Lo sé por su piel y por sus ojos radiantes.

Desde mi ventana veo pasar todos los días a una jovencita, haciendo algunas entregas a domicilio en su negra y pequeña bicicleta. A fuerza de vernos varias veces al día, nos hemos hecho amigos. Yo la saludo con la mano desde mi ventana y ella me envía su sonrisa blanca.  Creo que no tiene más de veinte años. Lo sé por su piel y por sus ojos radiantes.  La muchacha es alegre, le sonríe a la vida y hace su oficio con optimismo y hasta con vocación.  
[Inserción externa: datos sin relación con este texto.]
lemma mn_fiber_fixed_Int_dyadic_interval:
  assumes "a < 2 ^ Suc K"
  shows "mn_fiber_fixed (Suc K) \<inter> dyadic_interval (Suc K) a
    = {x. 2 ^ Suc K * x - real a \<in> {y\<in>{0..<1}. mn_gamma y = (odd a \<noteq> (1 \<le> K))}}"
proof (intro set_eqI)
  fix x
  define y where "y = 2 ^ Suc K * x - real a"
  have "x = (real a + y) / 2 ^ Suc K" unfolding y_def by (simp add: field_simps)
  then have sum: "mn_cocycle_sum (2 ^ Suc K) x = (mn_gamma y \<noteq> (odd a \<noteq> (1 \<le> K)))"
    if "0 \<le> y" "y < 1"
    using mn_cocycle_sum_dyadic[OF assms that] by simp
  have interval: "x \<in> dyadic_interval (Suc K) a \<longleftrightarrow> 0 \<le> y \<and> y < 1"
    unfolding y_def dyadic_interval_def by auto
  have "x \<in> mn_fiber_fixed (Suc K) \<inter> dyadic_interval (Suc K) a
      \<longleftrightarrow> x \<in> dyadic_interval (Suc K) a \<and> \<not> mn_cocycle_sum (2 ^ Suc K) x"
    using dyadic_interval_subset_unit[OF assms] unfolding mn_fiber_fixed_def by auto
  moreover have "x \<in> {x. 2 ^ Suc K * x - real a \<in> {y\<in>{0..<1}. mn_gamma y = (odd a \<noteq> (1 \<le> K))}}
      \<longleftrightarrow> 0 \<le> y \<and> y < 1 \<and> mn_gamma y = (odd a \<noteq> (1 \<le> K))"
    unfolding y_def by simp
  ultimately show "x \<in> mn_fiber_fixed (Suc K) \<inter> dyadic_interval (Suc K) a
    \<longleftrightarrow> x \<in> {x. 2 ^ Suc K * x - real a \<in> {y\<in>{0..<1}. mn_gamma y = (odd a \<noteq> (1 \<le> K))}}"
    unfolding interval using sum by blast
qed

lemma emeasure_mn_fiber_fixed_Int_dyadic_interval:
  assumes "a < 2 ^ Suc K"
  shows "emeasure lborel (mn_fiber_fixed (Suc K) \<inter> dyadic_interval (Suc K) a)
    = ennreal (1/2) * emeasure lborel (dyadic_interval (Suc K) a)"
proof -
  let ?G = "{y\<in>{0..<1}. mn_gamma y = (odd a \<noteq> (1 \<le> K))}"
  have "emeasure lborel {x. 2 ^ Suc K * x - real a \<in> ?G} = ennreal (1 / 2 ^ Suc K) * emeasure lborel ?G"
    by (rule emeasure_dyadic_rescale) auto
  then show ?thesis
    unfolding mn_fiber_fixed_Int_dyadic_interval[OF assms] emeasure_dyadic_interval
      emeasure_mn_gamma_level_set by (simp only: mult.commute)
qed

lemma floor_dyadic_coarser:
  assumes "j \<le> N" "x \<in> dyadic_interval N a"
  shows "\<lfloor>2 ^ j * x\<rfloor> = int a div 2 ^ (N - j)"
proof -
  have "(2::real) ^ N = 2 ^ j * 2 ^ (N - j)" using assms(1) by (simp flip: power_add)
  then have "2 ^ j * x = (2 ^ N * x) / real_of_int (2 ^ (N - j))" by simp
  then have "\<lfloor>2 ^ j * x\<rfloor> = \<lfloor>2 ^ N * x\<rfloor> div 2 ^ (N - j)"
    using floor_divide_real_eq_div[of "2 ^ (N - j)" "2 ^ N * x"] by simp
  then show ?thesis using floor_dyadic_interval[OF assms(2)] by simp
qed

lemma dyadic_union_Int_dyadic_interval:
  assumes "j \<le> N" "a < 2 ^ N"
  shows "dyadic_union j I \<inter> dyadic_interval N a
    = (if int a div 2 ^ (N - j) \<in> I then dyadic_interval N a else {})"
  using floor_dyadic_coarser[OF assms(1)] dyadic_interval_subset_unit[OF assms(2)]
  unfolding dyadic_union_def by auto

lemma emeasure_dyadic_union_Int_mn_fiber_fixed:
  assumes "j \<le> Suc K"
  shows "emeasure lborel (dyadic_union j I \<inter> mn_fiber_fixed (Suc K))
    = ennreal (1/2) * emeasure lborel (dyadic_union j I)"
proof -
  let ?A = "dyadic_union j I" and ?Z = "mn_fiber_fixed (Suc K)" and ?D = "dyadic_interval (Suc K)"
  have "emeasure lborel (?A \<inter> ?Z) = (\<Sum>a<2 ^ Suc K. emeasure lborel (?A \<inter> ?Z \<inter> ?D a))"
    by (rule emeasure_eq_sum_dyadic_interval) (auto simp: mn_fiber_fixed_def)
  also have "\<dots> = (\<Sum>a<2 ^ Suc K. ennreal (1/2) * emeasure lborel (?A \<inter> ?D a))"
  proof (rule sum.cong)
    fix a :: nat assume "a \<in> {..<2 ^ Suc K}"
    then have a: "a < 2 ^ Suc K" by simp
    have "?A \<inter> ?Z \<inter> ?D a = (if int a div 2 ^ (Suc K - j) \<in> I then ?Z \<inter> ?D a else {})"
      using dyadic_union_Int_dyadic_interval[OF assms a, of I] by auto
    then show "emeasure lborel (?A \<inter> ?Z \<inter> ?D a) = ennreal (1/2) * emeasure lborel (?A \<inter> ?D a)"
      unfolding dyadic_union_Int_dyadic_interval[OF assms a]
      using emeasure_mn_fiber_fixed_Int_dyadic_interval[OF a] by auto
  qed simp
  also have "\<dots> = ennreal (1/2) * emeasure lborel ?A"
    by (subst emeasure_eq_sum_dyadic_interval[of ?A "Suc K"])
      (auto simp: dyadic_union_def sum_distrib_left)
  finally show ?thesis .
qed

lemma funpow_odometer_dyadic_interval:
  assumes "a < 2 ^ N" "x \<in> dyadic_interval N a"
  shows "(odometer ^^ 2 ^ N) x \<in> dyadic_interval N a"
proof -
  define y where "y = 2 ^ N * x - real a"
  have y: "0 \<le> y" "y < 1" using assms(2) unfolding y_def dyadic_interval_def by auto
  have "x = (real a + y) / 2 ^ N" unfolding y_def by (simp add: field_simps)
  then have "(odometer ^^ 2 ^ N) x = (real a + odometer y) / 2 ^ N"
    using funpow_odometer_dyadic[OF assms(1) y] by simp
  then show ?thesis using odometer_in_unit[OF y] unfolding dyadic_interval_def by (simp add: field_simps)
qed

lemma funpow_odometer_dyadic_union:
  assumes "j \<le> N" "x \<in> dyadic_union j I"
  shows "(odometer ^^ 2 ^ N) x \<in> dyadic_union j I"
proof -
  have x: "x \<in> {0..<1}" using assms(2) unfolding dyadic_union_def by auto
  note a = in_dyadic_interval_floor[OF x, of N]
  note Tx = funpow_odometer_dyadic_interval[OF a(2,1)]
  show ?thesis
    using floor_dyadic_coarser[OF assms(1) a(1)] floor_dyadic_coarser[OF assms(1) Tx]
      dyadic_interval_subset_unit[OF a(2)] Tx assms(2)
    unfolding dyadic_union_def by auto
qed

section \<open>Return estimate on the unit interval\<close>

lemma dyadic_union_between:
  assumes K: "compact K" "K \<subseteq> {0..<1}" and U: "open U" "K \<subseteq> U"
  obtains j I where "K \<subseteq> dyadic_union j I" "dyadic_union j I \<subseteq> U"
proof -
  obtain d where d: "d > 0" "\<forall>x\<in>K. \<forall>y\<in>- U. d \<le> dist x y"
    using separate_compact_closed[OF K(1), of "- U"] U by auto
  obtain j where j: "(1/2::real) ^ j < d" using real_arch_pow_inv[OF d(1), of "1/2"] by auto
  define I where "I = (\<lambda>x. \<lfloor>2 ^ j * x\<rfloor>) ` K"
  have "dyadic_union j I \<subseteq> U"
  proof
    fix x assume "x \<in> dyadic_union j I"
    then obtain k where k: "k \<in> K" "\<lfloor>2 ^ j * x\<rfloor> = \<lfloor>2 ^ j * k\<rfloor>"
      unfolding dyadic_union_def I_def by auto
    then have "\<bar>2 ^ j * x - 2 ^ j * k\<bar> < (1::real)" by linarith
    then have "2 ^ j * \<bar>x - k\<bar> < (1::real)" by (simp add: abs_mult flip: right_diff_distrib)
    then have "\<bar>x - k\<bar> < (1/2) ^ j" by (simp add: field_simps power_one_over)
    then have "dist k x < d" using j by (simp add: dist_real_def abs_minus_commute)
    then show "x \<in> U" using d(2) k(1) by force
  qed
  moreover have "K \<subseteq> dyadic_union j I" using K(2) unfolding dyadic_union_def I_def by auto
  ultimately show thesis using that by blast
qed

lemma dyadic_union_approx:
  assumes E: "E \<in> sets borel" "E \<subseteq> {0..<1}" and e: "0 < e"
  obtains j I where "emeasure lborel (E - dyadic_union j I) < ennreal e"
    "emeasure lborel (dyadic_union j I - E) < ennreal e"
proof -
  obtain U where U: "open U" "E \<subseteq> U" "emeasure lborel (U - E) < ennreal e"
    using outer_regular_lborel[OF E(1) e] by blast
  have "E \<in> sets lebesgue" using E(1) by (intro sets_completionI_sets) simp
  then obtain K where K: "closed K" "K \<subseteq> E" "emeasure lebesgue (E - K) < ennreal e"
    using sets_lebesgue_inner_closed[OF _ e] by metis
  have KB: "K \<in> sets borel" using K(1) by (rule borel_closed)
  have K01: "K \<subseteq> {0..<1}" using K(2) E(2) by blast
  then have "compact K"
    using K(1) bounded_subset[OF bounded_Ico[of 0 1]] by (simp add: compact_eq_bounded_closed)
  moreover have "K \<subseteq> U" using K(2) U(2) by blast
  ultimately obtain j I where A: "K \<subseteq> dyadic_union j I" "dyadic_union j I \<subseteq> U"
    using dyadic_union_between[OF _ K01 U(1)] by blast
  have "emeasure lborel (E - dyadic_union j I) \<le> emeasure lborel (E - K)"
    using A(1) E(1) KB by (intro emeasure_mono) auto
  also have "\<dots> = emeasure lebesgue (E - K)" using E(1) KB by simp
  also have "\<dots> < ennreal e" by (rule K(3))
  finally have "emeasure lborel (E - dyadic_union j I) < ennreal e" .
  moreover have "emeasure lborel (dyadic_union j I - E) \<le> emeasure lborel (U - E)"
    using A(2) E(1) U(1) by (intro emeasure_mono) auto
  ultimately show thesis using U(3) that by (meson le_less_trans)
qed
Desde ayer le he visto unos audífonos, por lo que me imagino que le está yendo bien en su negocio y que ya pudo comprar dispositivos para  escuchar música y mantener las manos libres que le permitan llevar con seguridad los manubrios de su vehículo. Ojalá que le siga yendo bien, pero no tan bien como para que compre una motocicleta. Las motos son enemigas de la humanidad. Las bici son amigas. Las motos son bulliciosas y engreídas. Las bicicletas son humildes y modestas. En las ciudades más cultas de Europa dizque se usa más la bicicleta que el carro. Eso dicen. Yo no conozco ciudades europeas. Pero así debiera ser. Un alcalde, con los pantalones bien amarrados, con megáfono o sin megáfono, debiera prohibir el uso del carro en la ciudad. Los carros son para las carreteras. Su nombre lo dice. Las bicicletas, para la ciudad. Como lo hace Timoteo Ánderson, un gringo nacido en Convención, que mueve su cuerpo grande y su sabiduría inmensa en una vieja bicicleta que le queda pequeña para tanta carga cultural.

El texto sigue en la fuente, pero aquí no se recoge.